(* Let $G$ be an $n\times n$ positive semidefinite matrix and $\beta\in(0,1]$. Then there is a subspace $W\subseteq\mathbb{R}^n$ with $\dim(W)\ge(1-\beta)n$ such that $w^TGw\le\frac1\beta w^T\mathrm{diag}(G)w$ for all $w\in W$.
   Context: $\mathrm{diag}(G)$ denotes the diagonal matrix with the same diagonal entries as $G$. *)

theory Defs
  imports "HOL-Analysis.Analysis"
begin

definition psd_matrix :: "real^'n^'n \<Rightarrow> bool" where
  "psd_matrix G \<longleftrightarrow> transpose G = G \<and> (\<forall>x. 0 \<le> x \<bullet> (G *v x))"

definition diag_mat :: "real^'n^'n \<Rightarrow> real^'n^'n" where
  "diag_mat G = (\<chi> i j. if i = j then G $ i $ j else 0)"

end

theory Submission
  imports Defs
begin

(* Let K = G - (1/\<beta>) diag(G) and take a subspace V of maximal dimension on which the quadratic
   form of K is positive definite. By maximality the form of K is nonpositive on W = (K V)\<^sup>\<bottom>,
   and dim W \<ge> n - dim V. To bound dim V, rescale by diag(G)\<^sup>-\<^sup>1\<^sup>/\<^sup>2: the rescaled matrix H
   is positive semidefinite with diagonal entries at most 1, and its form exceeds (1/\<beta>) |u|\<^sup>2 on
   the image of V. Summing the form of H over an orthonormal basis of that image, extended to
   one of the whole space, gives dim V / \<beta> \<le> trace H \<le> n. *)

lemma inner_matrix_vector_mult_sum:
  "x \<bullet> (A *v y) = (\<Sum>i\<in>UNIV. \<Sum>j\<in>UNIV. x$i * A$i$j * y$j)"
  by (simp add: inner_vec_def matrix_vector_mult_def sum_distrib_left mult.assoc)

DIRECTIONS FOR THIS TASK> Please retype all of the records above exactly as they are.

EXERCISE RESPONSE>
(* Let $G$ be an $n\times n$ positive semidefinite matrix and $\beta\in(0,1]$. Then there is a subspace $W\subseteq\mathbb{R}^n$ with $\dim(W)\ge(1-\beta)n$ such that $w^TGw\le\frac1\beta w^T\mathrm{diag}(G)w$ for all $w\in W$.
   Context: $\mathrm{diag}(G)$ denotes the diagonal matrix with the same diagonal entries as $G$. *)

theory Defs
  imports "HOL-Analysis.Analysis"
begin

definition psd_matrix :: "real^'n^'n \<Rightarrow> bool" where
  "psd_matrix G \<longleftrightarrow> transpose G = G \<and> (\<forall>x. 0 \<le> x \<bullet> (G *v x))"

definition diag_mat :: "real^'n^'n \<Rightarrow> real^'n^'n" where
  "diag_mat G = (\<chi> i j. if i = j then G $ i $ j else 0)"

end

theory Submission
  imports Defs
begin

(* Let K = G - (1/\<beta>) diag(G) and take a subspace V of maximal dimension on which the quadratic
   form of K is positive definite. By maximality the form of K is nonpositive on W = (K V)\<^sup>\<bottom>,
   and dim W \<ge> n - dim V. To bound dim V, rescale by diag(G)\<^sup>-\<^sup>1\<^sup>/\<^sup>2: the rescaled matrix H
   is positive semidefinite with diagonal entries at most 1, and its form exceeds (1/\<beta>) |u|\<^sup>2 on
   the image of V. Summing the form of H over an orthonormal basis of that image, extended to
   one of the whole space, gives dim V / \<beta> \<le> trace H \<le> n. *)

lemma inner_matrix_vector_mult_sum:
  "x \<bullet> (A *v y) = (\<Sum>i\<in>UNIV. \<Sum>j\<in>UNIV. x$i * A$i$j * y$j)"
  by (simp add: inner_vec_def matrix_vector_mult_def sum_distrib_left mult.assoc)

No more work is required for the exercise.